Behavioral: Family Connections

Study type

Interventional

Funder types

Other
NIH

Identifiers

NCT04731506
P20GM104320 (U.S. NIH Grant/Contract)
0745-20-EP

Details and patient eligibility

About

There are marked ethnic and rural-urban disparities in the prevalence of childhood obesity (CO). Among Latino/Hispanic children, CO is almost 60% higher than that of non- Latino/Hispanic Whites, and among children in rural areas it is estimated to be 25% to almost 50% higher that of urban areas. By 2050 Latinos are expected to represent 51.2% of rural Nebraska's population, so addressing childhood obesity risk factors among Latinos/Hispanic families living in rural communities and Identifying effective interventions is an important priority. The first aim will be to collaboratively adapt all intervention materials to better fit the rural Latino/Hispanic community, including translation of materials to Spanish, inclusion of culturally relevant content and images, and use of health communication strategies to address different levels of health literacy. The second aim randomly assign enrolled participant dyads (parent and child) to either Family Connections (FC) or a waitlist standard-care (SC) group to determine preliminary effectiveness in reducing child body mass index (BMI) z-score (a standardized way to measure a child's weight in relation to their age and sex). This study will address three important questions as they apply to Latino/Hispanic in rural Nebraska: is a telephone delivered family-based childhood obesity (FBCO) program in rural Nebraska culturally relevant, usable and acceptable, is a telephone delivered FBCO program effective at reducing child BMI z-scores and what real-world factors influence the impact of the intervention to sustainably engage a meaningful population of Latino/Hispanic families who stand to benefit.

Full description

The childhood obesity (CO) rate of Latinos/Hispanics, the fastest growing rural population group, is 60% higher than their non-Hispanic neighbors. Family-based childhood obesity (FBCO) interventions targeting parents have shown promising results for reducing weight among children. However, these interventions are developed and evaluated with culturally homogeneous samples of participants in large urban areas and have been poorly accessed by Latino/Hispanic families living in rural communities. There are a number of barriers to accessing these interventions in rural Nebraska communities including increasing ethnic health disparities, limited available resources, shortage of available health professionals, and the existence of demographically and geographically segregated communities. Community members have reported that family and work responsibilities, lack of public transportation, and language and cultural relevance have kept them from engaging in these programs. Interactive technologies may provide a possible solution to these challenges in that they offer an avenue for the delivery of FBCO interventions at times and places convenient to participants.
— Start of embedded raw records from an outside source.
lemma model_act_embed [simp]: "model_act i j (quad_embed P) = quad_embed (qact i j P)"
  by (simp add: model_act_def inv_f_f inj_def)

lemma model_is_rep: "is_rep (range quad_embed) model_act"
  unfolding is_rep_def subspace_c_def
proof (intro conjI allI ballI)
  show "0 \<in> range quad_embed" by (metis quad_embed_zero rangeI)
next
  fix x y assume "x \<in> range quad_embed" "y \<in> range quad_embed"
  then obtain P Q where "x = quad_embed P" "y = quad_embed Q" by blast
  then show "x + y \<in> range quad_embed" by (metis quad_embed_add rangeI)
next
  fix c x assume "x \<in> range quad_embed"
  then obtain P where "x = quad_embed P" by blast
  then show "c *\<^sub>C x \<in> range quad_embed" by (metis quad_embed_scale rangeI)
next
  fix i j x assume "x \<in> range quad_embed"
  then show "model_act i j x \<in> range quad_embed" by auto
next
  fix i j x y assume "x \<in> range quad_embed" "y \<in> range quad_embed"
  then obtain P Q where "x = quad_embed P" "y = quad_embed Q" by blast
  then show "model_act i j (x + y) = model_act i j x + model_act i j y"
    by (simp flip: quad_embed_add add: quad_act_add)
next
  fix i j c x assume "x \<in> range quad_embed"
  then obtain P where "x = quad_embed P" by blast
  then show "model_act i j (c *\<^sub>C x) = c *\<^sub>C model_act i j x"
    by (simp flip: quad_embed_scale add: quad_act_scale)
next
  fix i j k l x assume "x \<in> range quad_embed"
  then obtain P where x: "x = quad_embed P" by auto
  have "model_act i j (model_act k l x) - ssign i j k l *\<^sub>C model_act k l (model_act i j x) =
      quad_embed (qact i j (qact k l P) - quad_scale (ssign i j k l) (qact k l (qact i j P)))"
    by (simp add: x quad_embed_diff quad_embed_scale)
  also have "\<dots> = quad_embed ((if j = k then qact i l P else 0)
      - quad_scale (ssign i j k l) (if l = i then qact k j P else 0))"
    by (simp only: quad_act_bracket[OF a_nz])
  also have "\<dots> = (if j = k then model_act i l x else 0)
      - ssign i j k l *\<^sub>C (if l = i then model_act k j x else 0)"
    by (simp add: x quad_embed_diff quad_embed_scale)
  finally show "model_act i j (model_act k l x) - ssign i j k l *\<^sub>C model_act k l (model_act i j x) =
      (if j = k then model_act i l x else 0) - ssign i j k l *\<^sub>C (if l = i then model_act k j x else 0)" .
qed
(* Let $n$ be a non-negative integer and let $r,s\in\mathbb{C}\setminus\mathbb{Z}$ with $s\neq0$ and $r-s\notin\mathbb{Z}$. Then \[ \begin{aligned} \sum_{k=0}^{n}(-1)^{k}\binom{n}{k}\frac{H_s-H_{k+r-s}}{\binom{k+r}{s}}H_k &=H_n\left(\frac{r+1}{(r-s+1)^2}\frac{1}{\binom{n+r}{r-s+1}}+\frac{s}{r-s+1}\frac{H_{n+s-1}-H_{r-s+1}}{\binom{n+r}{r-s+1}}\right)+H_n\frac{H_{r-s}-H_s}{\binom{r}{s}}\\ &\quad+\sum_{k=0}^{n-1}H_{n-1-k}\frac{s(k+s)(H_{k+s}-H_{r-s+1})+k}{(k+s)^2\binom{r+k+1}{r-s+1}}. \end{aligned} \]
   Context: For complex $z$ not a negative integer, $H_z=\psi(z+1)+\gamma$ ($\psi$ the digamma function, $\gamma$ Euler's constant); for integers $n\ge 0$, $H_n=\sum_{j=1}^n 1/j$. Binomial coefficients with complex entries: $\binom{x}{y}=\frac{\Gamma(x+1)}{\Gamma(y+1)\Gamma(x-y+1)}$. *)

theory Defs
  imports "HOL-Analysis.Analysis"
begin

text \<open>Harmonic number of a complex argument: H_z = psi(z+1) + gamma.\<close>
definition HC :: "complex \<Rightarrow> complex" where
  "HC z = Digamma (z + 1) + euler_mascheroni"

definition cbinom :: "complex \<Rightarrow> complex \<Rightarrow> complex" where
  "cbinom x y = Gamma (x + 1) / (Gamma (y + 1) * Gamma (x - y + 1))"

end

theory Submission
  imports Defs
begin

(*
  Let a_k = (H_s - H_(k+r-s)) / binom(k+r, s) and let b_n = sum_k (-1)^k binom(n,k) a_k be its
  binomial transform. Pascal's rule gives b_(n+1) = b_n - b'_n, where b' is the transform of the
  shifted sequence a_(k+1); shifting k is the same as replacing r by r + 1. With the functional
  equations of Gamma and Digamma this recursion yields, by induction on n, the closed form
    b_n = ((r+1)/(r-s+1)^2 + s/(r-s+1) (H_(n+s-1) - H_(r-s+1))) / binom(n+r, r-s+1).
  On the other hand, for every sequence a, summation by parts against H_k gives
    sum_k (-1)^k binom(n,k) H_k a_k = H_n (b_n - a_0) + sum_(k<n) H_(n-1-k) b'_k,
  and inserting the closed forms of b_n and of b'_k (the closed form at r + 1) gives the identity.
*)

definition binomial_transform :: "(nat \<Rightarrow> 'a :: comm_ring_1) \<Rightarrow> nat \<Rightarrow> 'a" where
  "binomial_transform a n = (\<Sum>k\<le>n. (-1)^k * of_nat (n choose k) * a k)"

lemma binomial_transform_0 [simp]: "binomial_transform a 0 = a 0"
  by (simp add: binomial_transform_def)

lemma binomial_transform_Suc_shift:
  "binomial_transform a (Suc n) = a 0 - (\<Sum>k\<le>n. (-1)^k * of_nat (Suc n choose Suc k) * a (Suc k))"
  unfolding binomial_transform_def by (subst sum.atMost_Suc_shift) (simp add: sum_negf)

lemma binomial_transform_Suc:
  "binomial_transform a (Suc n) = binomial_transform a n - binomial_transform (\<lambda>k. a (Suc k)) n"
proof -
  have lower: "binomial_transform a n = a 0 - (\<Sum>k\<le>n. (-1)^k * of_nat (n choose Suc k) * a (Suc k))"
  proof (cases n)
    case (Suc m)
    have "(\<Sum>k\<le>m. (-1)^k * of_nat (n choose Suc k) * a (Suc k))
        = (\<Sum>k\<le>n. (-1)^k * of_nat (n choose Suc k) * a (Suc k))"
      using Suc by (simp add: binomial_eq_0)
    then show ?thesis
      using binomial_transform_Suc_shift[of a m] Suc by simp
  qed simp
  have pascal: "(\<Sum>k\<le>n. (-1)^k * of_nat (Suc n choose Suc k) * a (Suc k))
      = binomial_transform (\<lambda>k. a (Suc k)) n
        + (\<Sum>k\<le>n. (-1)^k * of_nat (n choose Suc k) * a (Suc k))"
    by (simp add: binomial_transform_def algebra_simps flip: sum.distrib)
  show ?thesis
    unfolding binomial_transform_Suc_shift[of a n] pascal lower by simp
qed

lemma sum_binomial_divide_Suc:
  fixes a :: "nat \<Rightarrow> 'a :: field_char_0"
  shows "(\<Sum>k\<le>n. (-1)^k * of_nat (n choose k) * a (Suc k) / of_nat (Suc k))
       = (a 0 - binomial_transform a (Suc n)) / of_nat (Suc n)"
proof -
  have "(-1)^k * of_nat (n choose k) * a (Suc k) / of_nat (Suc k)
      = (-1)^k * of_nat (Suc n choose Suc k) * a (Suc k) / (of_nat (Suc n) :: 'a)" for k
  proof -
    have "of_nat (Suc k) * of_nat (Suc n choose Suc k) = (of_nat (Suc n) * of_nat (n choose k) :: 'a)"
      by (simp only: Suc_times_binomial flip: of_nat_mult)
    then show ?thesis
      by (simp add: field_simps del: of_nat_Suc binomial_Suc_Suc)
  qed
  then show ?thesis
    by (simp add: binomial_transform_Suc_shift sum_divide_distrib del: of_nat_Suc binomial_Suc_Suc)
qed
Investigators have found that a technology-assisted FBCO intervention can lead to significant weight loss among children and that over 82% of Latinos/Hispanics in studies have mobile devices regularly used to access information and make phone calls. Thus, telephone systems that provide automated (i.e., interactive voice response (IVR) system) FBCO messages may be practical methods for delivering culturally appropriate health information and engaging Latino/Hispanic families in rural communities. Family Connections (FC) is a scalable intervention that uses IVR to deliver FBCO content; however, it was not specifically developed for Latino/Hispanic rural families.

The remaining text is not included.